Ik verzoek u de aangegeven privé-omstandigheden waarvan de persoonlijke levenssfeer mij beletten daarover verdere mededeling te doen te respecteren…”
E. Nadere informatie college van burgemeester en wethouders van de gemeente heiloo
Bij brief van 14 april 2004 liet het college weten dat het verzoeker voor 30 april 2004 een antwoord zou sturen op zijn klacht van 22 november 2003.
Achtergrond
1. Algemene wet bestuursrecht
Artikel 9:8:
“1. Het bestuursorgaan is niet verplicht de klacht te behandelen indien zij betrekking heeft op een gedraging:
a. waarover reeds eerder een klacht is ingediend die met inachtneming van de artikelen 9:4 en volgende is behandeld;
b. die langer dan een jaar voor indiening van de klacht heeft plaatsgevonden;
c. waartegen door de klager bezwaar gemaakt had kunnen worden,
d. waartegen door de klager beroep kan of kon worden ingesteld;
e. die door het instellen van een procedure aan het oordeel van een andere rechterlijke
instantie dan een administratieve rechter onderworpen is, dan wel onderworpen is geweest of,
f. zolang terzake daarvan een opsporingsonderzoek op bevel van de officier van justitie of een vervolging gaande is, dan wel indien de gedraging deel uitmaakt van de opsporing of vervolging van een strafbaar feit en terzake van dat feit een opsporingsonderzoek op bevel van de officier van justitie of een vervolging gaande is.

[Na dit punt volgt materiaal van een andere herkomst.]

lemma obtain_reduced_word:
  assumes "w \<in> carrier G"
  obtains xs where "xs \<in> lists S" "length xs = len w" "ev xs = w"
proof -
  obtain xs where "xs \<in> lists S" "ev xs = w"
    using assms carrier_eq_word_eval by auto
  then have "\<exists>xs\<in>lists S. length xs = len w \<and> ev xs = w"
    unfolding cox_length_def by (rule_tac LeastI_ex) auto
  then show ?thesis using that by blast
qed

lemma length_mult_le: "x \<in> carrier G \<Longrightarrow> y \<in> carrier G \<Longrightarrow> len (x \<otimes> y) \<le> len x + len y"
  by (metis obtain_reduced_word length_le_word word_eval_append length_append append_in_lists_conv)

lemma length_one [simp]: "len \<one> = 0"
  using length_le_word[of "[]"] by simp

lemma length_eq_0D: "w \<in> carrier G \<Longrightarrow> len w = 0 \<Longrightarrow> w = \<one>"
  by (metis obtain_reduced_word length_0_conv word_eval_Nil)

lemma length_simple: "s \<in> S \<Longrightarrow> len s = 1"
proof -
  assume s: "s \<in> S"
  have "len s \<le> 1"
    using length_le_word[of "[s]"] s simple_closed by simp
  moreover have "len s \<noteq> 0"
    using length_eq_0D simple_neq_one s simple_closed by blast
  ultimately show ?thesis by simp
qed

lemma conj_eq_iff:
  assumes "w \<in> carrier G" "r \<in> carrier G" "c \<in> carrier G"
  shows "w \<otimes> r \<otimes> inv w = c \<longleftrightarrow> r = inv w \<otimes> c \<otimes> w"
proof -
  have "w \<otimes> r \<otimes> inv w = c \<longleftrightarrow> w \<otimes> r = c \<otimes> w"
    by (rule inv_solve_right') (use assms in auto)
  also have "\<dots> \<longleftrightarrow> r = inv w \<otimes> (c \<otimes> w)"
    by (subst inv_solve_left) (use assms in auto)
  finally show ?thesis
    using assms by (simp add: m_assoc)
qed

lemma simple_mult_eq_one_iff: "s \<in> S \<Longrightarrow> r \<in> carrier G \<Longrightarrow> s \<otimes> r = \<one> \<longleftrightarrow> r = s"
proof
  assume "s \<in> S" "r \<in> carrier G" "s \<otimes> r = \<one>"
  then have "inv r = s"
    using inv_equality simple_closed by blast
  then show "r = s"
    using \<open>s \<in> S\<close> \<open>r \<in> carrier G\<close> inv_simple by (metis inv_inv)
qed (simp add: simple_mult_self)

text \<open>
  Tits' action of S on pairs (t, \<epsilon>) of a group element and a sign, with the sign flipped
  exactly when t = s; the sign is modelled by a boolean. Outside the carrier it is the
  identity, so that it is a total function.
\<close>

definition refl_step :: "'a \<Rightarrow> 'a \<times> bool \<Rightarrow> 'a \<times> bool" where
  "refl_step s = (\<lambda>(r, b). if s \<in> S \<and> r \<in> carrier G then (s \<otimes> r \<otimes> s, b \<noteq> (r = s)) else (r, b))"

definition word_action :: "'a list \<Rightarrow> 'a \<times> bool \<Rightarrow> 'a \<times> bool" where
  "word_action xs = foldr (\<lambda>s f. refl_step s \<circ> f) xs id"

lemma word_action_Nil [simp]: "word_action [] = id"
  by (simp add: word_action_def)

lemma word_action_Cons [simp]: "word_action (s # xs) = refl_step s \<circ> word_action xs"
  by (simp add: word_action_def)

lemma word_action_append: "word_action (xs @ ys) = word_action xs \<circ> word_action ys"
  by (induction xs) auto

lemma word_action_outside_carrier: "r \<notin> carrier G \<Longrightarrow> word_action xs (r, b) = (r, b)"
  by (induction xs) (auto simp: refl_step_def)

text \<open>
  The parity of the number of positions i with s_k ... s_(i+1) s_i s_(i+1) ... s_k = r
  in the word s_1 ... s_k.
\<close>

primrec crossing_parity :: "'a list \<Rightarrow> 'a \<Rightarrow> bool" where
  "crossing_parity [] r = False"
| "crossing_parity (s # xs) r = (crossing_parity xs r \<noteq> (ev xs \<otimes> r \<otimes> inv (ev xs) = s))"

lemma word_action_conv:
  "xs \<in> lists S \<Longrightarrow> r \<in> carrier G \<Longrightarrow>
   word_action xs (r, b) = (ev xs \<otimes> r \<otimes> inv (ev xs), b \<noteq> crossing_parity xs r)"
proof (induction xs)
  case (Cons s xs)
  then have s: "s \<in> S" "s \<in> carrier G" and xs: "xs \<in> lists S"
    using simple_closed by auto
  have "s \<otimes> (ev xs \<otimes> r \<otimes> inv (ev xs)) \<otimes> s = s \<otimes> ev xs \<otimes> r \<otimes> inv (s \<otimes> ev xs)"
    using s xs Cons.prems by (simp add: m_assoc inv_mult_group inv_simple)
  then show ?case
    using Cons s xs by (auto simp: refl_step_def)
qed simp

lemma crossing_parity_deletion:
  "xs \<in> lists S \<Longrightarrow> r \<in> carrier G \<Longrightarrow> crossing_parity xs r \<Longrightarrow>
   \<exists>i<length xs. ev xs \<otimes> r = ev (del i xs)"
proof (induction xs)
  case (Cons s xs)
  then have s: "s \<in> S" "s \<in> carrier G" and xs: "xs \<in> lists S"
    using simple_closed by auto
  let ?w = "ev xs"
  have w: "?w \<in> carrier G"
    using xs by simp
  show ?case
  proof (cases "crossing_parity xs r")
    case True
    then obtain i where "i < length xs" "?w \<otimes> r = ev (del i xs)"
      using Cons xs by blast
    then have "Suc i < length (s # xs)" "ev (s # xs) \<otimes> r = ev (del (Suc i) (s # xs))"
      using s w Cons.prems by (simp_all add: m_assoc)
    then show ?thesis by blast
  next
    case False
    then have "?w \<otimes> r \<otimes> inv ?w = s"
      using Cons.prems by simp
    then have "r = inv ?w \<otimes> s \<otimes> ?w"
      using conj_eq_iff w Cons.prems s by blast
    then have "ev (s # xs) \<otimes> r = ev (del 0 (s # xs))"
      using w s by (simp add: m_assoc simple_mult_self flip: m_assoc[of s s])
    then show ?thesis by blast
  qed
qed simp
(* Let $\psi(x)=-2\pi\sin(2\pi x)$, $b\ge2$ an integer, $\gamma\in(1/b,1)$. Let $x^*\in[0,1/2]$ and $0\le k<l<b$ with $(k,l)\in E(1,x^* )$. Then for any $\kappa\in(0,1)$, either $$\Big|\cos\tfrac{2\pi(x^*+k)}{b}-\cos\tfrac{2\pi(x^*+l)}{b}\Big|\le\frac{2\gamma\sqrt{1-\kappa^2}}{b}+\frac{2\gamma^2}{b(b-\gamma)},$$ or $$\Big|\sin\tfrac{2\pi(x^*+k)}{b}-\sin\tfrac{2\pi(x^*+l)}{b}\Big|\le2\kappa\gamma+\frac{2\gamma^2}{1-\gamma}.$$
   Context: $\mathcal{A}=\{0,\dots,b-1\}$. $S(x,\mathbf{i})=\sum_{n\ge1}\gamma^{n-1}\psi\big(\frac{x+i_1+i_2b+\cdots+i_nb^{n-1}}{b^n}\big)$ for $\mathbf{i}\in\mathcal{A}^{\mathbb{Z}^+}$, $S'=\partial_xS$. Sequences $\mathbf{i},\mathbf{j}$ are $(\varepsilon,\delta)$-tangent at $x_0$ if $|S(x_0,\mathbf{i})-S(x_0,\mathbf{j})|\le\varepsilon$ and $|S'(x_0,\mathbf{i})-S'(x_0,\mathbf{j})|\le\delta$. $E(1,x_0;\varepsilon,\delta)$ is the set of pairs $(k,l)\in\mathcal{A}\times\mathcal{A}$ such that for some $\mathbf{u},\mathbf{v}\in\mathcal{A}^{\mathbb{Z}^+}$ the sequences $k\mathbf{u},l\mathbf{v}$ are $(\varepsilon,\delta)$-tangent at $x_0$; $E(1,x_0)=\bigcap_{\varepsilon,\delta>0}E(1,x_0;\varepsilon,\delta)$. *)

theory Defs
  imports "HOL-Analysis.Analysis"
begin

definition psi :: "real \<Rightarrow> real" where
  "psi x = - 2 * pi * sin (2 * pi * x)"

text \<open>Sequences in A^{Z+} are functions nat => nat; index m corresponds to i_{m+1}.
  S(x,i) = sum_{n>=1} gamma^(n-1) psi((x + i_1 + i_2 b + ... + i_n b^(n-1)) / b^n).\<close>
definition S :: "nat \<Rightarrow> real \<Rightarrow> (real \<Rightarrow> real) \<Rightarrow> real \<Rightarrow> (nat \<Rightarrow> nat) \<Rightarrow> real" where
  "S b \<gamma> \<psi> x i = (\<Sum>n. \<gamma> ^ n * \<psi> ((x + (\<Sum>m<Suc n. real (i m) * real b ^ m)) / real b ^ Suc n))"

definition S' :: "nat \<Rightarrow> real \<Rightarrow> (real \<Rightarrow> real) \<Rightarrow> real \<Rightarrow> (nat \<Rightarrow> nat) \<Rightarrow> real" where
  "S' b \<gamma> \<psi> x i = deriv (\<lambda>y. S b \<gamma> \<psi> y i) x"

2. Het bestuursorgaan is niet verplicht de klacht te behandelen indien het belang van de klager dan wel het gewicht van de gedraging kennelijk onvoldoende is.
3. Van het niet in behandeling nemen van de klacht wordt de klager zo spoedig mogelijk doch uiterlijk binnen vier weken na ontvangst van het klaagschrift schriftelijk in kennis gesteld.”
Artikel 9:11, eerste lid:
“Het bestuursorgaan handelt de klacht af binnen zes weken of - indien artikel 9.3 van toepassing is - binnen tien weken na ontvangst van het klaagschrift.”
Artikel 9:12, eerste lid:
“Het bestuursorgaan stelt de klager schriftelijk en gemotiveerd in kennis van de bevindingen van het onderzoek naar de klacht alsmede van de eventuele conclusies die het daaraan verbindt.”